TABLE-US-00002 Component Parts PLY-3 7500P 12.40 DC Syl Off 7367 Crosslinker 0.53 CPC 072 Pt Catalyst 0.17 Heptane 86.9
 The PLY-3 7500P is an end-terminated vinyl functional silicone resin, with average molecular weight 62,700 g/mol, supplied by Nusil Silicone Technologies (Charlotte, N.C.). The DC SYL OFF 7367 is a trimethylsiloxy-terminated poly(hydrogen methylsiloxane) crosslinker manufactured by Dow Corning Silicones (Midland, Mich.) which is supplied as a 100% solids solution containing about 30% 1-ethynylcyclohexane [C≡H--CH(CH2)5], which functions as catalyst inhibitor. The CPC 072 is a 1,3 diethyenyl-1,1,3,3-tetramethyldisiloxane Pt complex catalyst, manufactured by Umicore Precious Metals (South Plainfield, N.J.), which is supplied as a 3% xylene solution. The formulation solvent, heptane, is supplied by Houghton Chemicals (Allston, Mass.).
 The silicone formulation was applied to the polymer imaging layers with a wire-round rod, then dried and cured at 150° C. (measured on the substrate) to produce uniform silicone coatings of 1.8 g/m2 (gravimetric determination). The printing members were evaluated as follows to assess solvent resistance, environmental stability, and imaging sensitivity.
 1. Plates stored at ambient conditions were tested by assessing solvent resistance with MEK. An MEK resistance test was conducted on pieces (-20 cm length) of the plate samples by applying, in a reciprocating mode at a five-pound load, double-rubs with a cotton towel saturated with MEK. The cycle was repeated to the point of visual evidence failure: marring of the surface or loss of silicone adhesion. To pass this test, the plates should resist more than 10 cycles of the test without showing signs of failure.
 2. Fresh plate samples that passed the MEK resistance test (more than 10 MEK rubs) were exposed to accelerated aging conditions to determine their environmental stability. For this purpose, the MEK resistance test was repeated on samples that have been exposed to high temperature and humidity conditions (18 hours in an environmental chamber operated at 80° C. and 75% relative humidity.) To pass this test, aged samples withstood more than five cycles of the MEK resistance test (more than five MEK rubs) without showing signs of failure. All of the printing member passed the tape adhesion test and exhibited very good MEK resistance (MEK rubs between 25 and 50 cycles) after being exposed to the accelerated aging conditions.

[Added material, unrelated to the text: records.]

lemma stab_7: "stab 7 = {id}"
proof (intro equalityI subsetI)
  fix g assume g: "g \<in> stab 7"
  then have "g \<in> M24" "\<forall>x\<in>set base. g x = x" by (simp_all add: stab_def base_def)
  then have "\<forall>x\<in>set (extend_fixed base octad_fixing_steps). g x = x"
    by (rule M24_fixes_extend_fixed)
  then have "g x = x" if "x \<in> Theta" for x
    using extend_fixed_base that by (auto simp: Theta_def)
  moreover have "g x = x" if "x \<notin> Theta" for x
    using M24_permutes[OF \<open>g \<in> M24\<close>] that by (simp add: permutes_def)
  ultimately show "g \<in> {id}" by (auto simp: fun_eq_iff)
qed (simp add: stab_def id_in_M24)

text \<open>The orbit of base ! k under stab k; for k = 5 and k = 6 it is cut down by the
  octad through the first five base points, which stab 5 stabilizes.\<close>
definition base_orbit :: "nat \<Rightarrow> nat list" where
  "base_orbit k = (if k < 5 then [y \<leftarrow> [0..<24]. y \<notin> set (take k base)]
     else if k = 5 then [y \<leftarrow> special_octad. y \<notin> set (take 5 base)]
     else [y \<leftarrow> [0..<24]. y \<notin> set special_octad])"
lemma transfer_on_kernel:
  assumes z: "z \<in> N"
  shows "transfer z = z [^] card (carrier G)"
proof -
  have "transfer z = finprod (K\<lparr>carrier := N\<rparr>) (\<lambda>_. z) (carrier G)"
    unfolding transfer_def using z transfer_factor_on_kernel by (intro Ngrp.finprod_cong') auto
  also have "\<dots> = z [^]\<^bsub>K\<lparr>carrier := N\<rparr>\<^esub> card (carrier G)"
    using z by (simp add: Ngrp.finprod_const)
  also have "\<dots> = z [^] card (carrier G)" by (simp add: nat_pow_def)
  finally show ?thesis .
qed

text \<open>Since the transfer maps into N, it is trivial; so N has exponent dividing |G|.\<close>
lemma kernel_exponent:
  assumes "z \<in> N"
  shows "z [^] card (carrier G) = \<one>"
proof -
  have "transfer z = \<one>"
    using endo_trivial[OF transfer_hom transfer_in_kernel] assms
    by (simp add: kernel_def)
  then show ?thesis using transfer_on_kernel[OF assms] by simp
qed

lemma kernel_ord_nonzero:
  assumes "y \<in> N"
  shows "K.ord y \<noteq> 0"
proof -
  have "0 < card (carrier G)" using finite_target G.one_closed card_gt_0_iff by blast
  then show ?thesis
    using kernel_exponent[OF assms] K.ord_eq_0 subgroup.subset[OF subgroup_kernel] assms
    by blast
qed

section \<open>Homomorphisms out of K\<close>

text \<open>If f maps N onto f(K) with f(K) finite, then f is trivial: otherwise a character of
  the abelian group f(K) onto Z/q, together with an element of order q in N, yields a
  non-trivial endomorphism of K into N.\<close>
lemma image_of_kernel_trivial:
  assumes hom: "f \<in> hom K H" and H: "group H" and fin: "finite (f ` carrier K)"
    and cover: "f ` N = f ` carrier K"
  shows "f ` carrier K = {\<one>\<^bsub>H\<^esub>}"
proof (rule ccontr)
  assume nontriv: "f ` carrier K \<noteq> {\<one>\<^bsub>H\<^esub>}"
  interpret H: group H by (rule H)
  interpret f: group_hom K H f by unfold_locales (rule hom)
  let ?A = "H\<lparr>carrier := f ` carrier K\<rparr>"
  interpret A: comm_group ?A using image_comm_group_if_kernel_covers[OF hom H cover] .
  have "finite (carrier ?A)" "carrier ?A \<noteq> {\<one>\<^bsub>?A\<^esub>}" using fin nontriv by simp_all
  then obtain q b \<chi> where q: "1 < q" and b: "b \<in> carrier ?A" and \<chi>b: "int q dvd \<chi> b - 1"
    and \<chi>: "\<And>a a'. a \<in> carrier ?A \<Longrightarrow> a' \<in> carrier ?A
              \<Longrightarrow> int q dvd \<chi> (a \<otimes>\<^bsub>?A\<^esub> a') - (\<chi> a + \<chi> a')"
    and q_dvd: "\<And>n::nat. b [^]\<^bsub>?A\<^esub> n = \<one>\<^bsub>?A\<^esub> \<Longrightarrow> q dvd n"
    using A.cyclic_character by metis
  have "b \<in> f ` N" using b cover by simp
  then obtain y where y: "y \<in> N" "f y = b" by blast
  have yK: "y \<in> carrier K" using y subgroup.subset[OF subgroup_kernel] by blast
  define n where "n = K.ord y"
  have "b [^]\<^bsub>?A\<^esub> n = b [^]\<^bsub>H\<^esub> n" by (rule H.nat_pow_consistent[symmetric])
  also have "\<dots> = f (y [^] n)" using f.hom_nat_pow[OF yK, of n] y by simp
  also have "\<dots> = \<one>\<^bsub>?A\<^esub>" using yK unfolding n_def by simp
  finally obtain m where n: "n = q * m" using q_dvd by blast
  define w where "w = y [^] m"
  have wK: "w \<in> carrier K" unfolding w_def using yK by simp
  have ord_w: "K.ord w = q"
    unfolding w_def using K.ord_pow[OF yK, of m] kernel_ord_nonzero[OF y(1)] n n_def by simp
  have w: "w \<in> N"
    using K.subgroup_int_pow_closed[OF subgroup_kernel y(1), of "int m"] yK
    unfolding w_def by (simp add: int_pow_int)
  have "w [^] \<chi> (f y) = \<one>"
  proof (rule kernel_power_character_trivial[OF w _ yK])
    show "int (K.ord w) dvd \<chi> (f (x \<otimes> x')) - (\<chi> (f x) + \<chi> (f x'))"
      if "x \<in> carrier K" "x' \<in> carrier K" for x x'
      using \<chi>[of "f x" "f x'"] that ord_w by simp
  qed
  moreover have "w [^] \<chi> (f y) = w"
    using K.int_pow_eq[OF wK, of 1 "\<chi> b"] \<chi>b ord_w y wK by simp
  ultimately have "K.ord w = 1" using K.ord_eq_1[OF wK] by simp
  then show False using ord_w q by simp
qed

 3. Plate precursors were imaged on a KODAK TRENDSETTER image-setter (operating at a wavelength of 830 nm, available from Eastman Kodak Company). Sensitivity information was obtained from the evaluation of different imaging patterns (solid screen, 3×3, and 2×2 patterns) run at increasing power levels at a constant drum speed of 150 rpm. The output power of the laser was varied from 8 W up to 15 W at increments of one watt, which corresponds to infrared imaging radiation having fluences of 130, 147, 163, 179, 195, 210, 228, up to 240 mJ/cm2 at the plane of the plate, respectively.
 The final printing members were then produced by processing or cleaning of the imaged plate precursor on automatic plate cleaners to remove the loosened silicone debris left on the exposed areas of the imaged plate. This step was carried out on the following commercial automatic plate cleaners:
 1. The PRESSTEK AS 34 plate washer, manufactured by NES Worldwide Inc. (Westfield, Mass.). In this machine, the plates are cleaned with warm tap water (-35° C.) by means of rotary brush rollers. The washer includes a Cleaner Section where the plates are cleaned by presoak, spray agitation, and three rotary, oscillating brush rollers.
 2. The KP 650/860 S-CH plate washer from Konings (Viersen, Germany) in which the plates are cleaned with warm water (32° C.) with the help of two rotary, oscillating brush rollers in the cleaning section.
 The degree of plate sensitivity was ascertained from print sheets obtained by running the cleaned plates on a GTO Heidelberg press using black ink (Aqualess Ultra Black MZ waterless ink, Toyo Ink America LLC, Addison, Ill.) and uncoated stock (Williamsburg Plus Offset Smooth, 60 lb white, item no. 05327, International Paper, Memphis, Tenn.). The samples were run for at least 200 impressions. The sensitivity of the plate embodiments is defined as the power required to yield sheets with well-defined, high-resolution 2×2 patterns. Examples requiring fluence levels equal or higher than 195 mJ/cm2 to print the 2×2 patterns are classified as non-cleanable.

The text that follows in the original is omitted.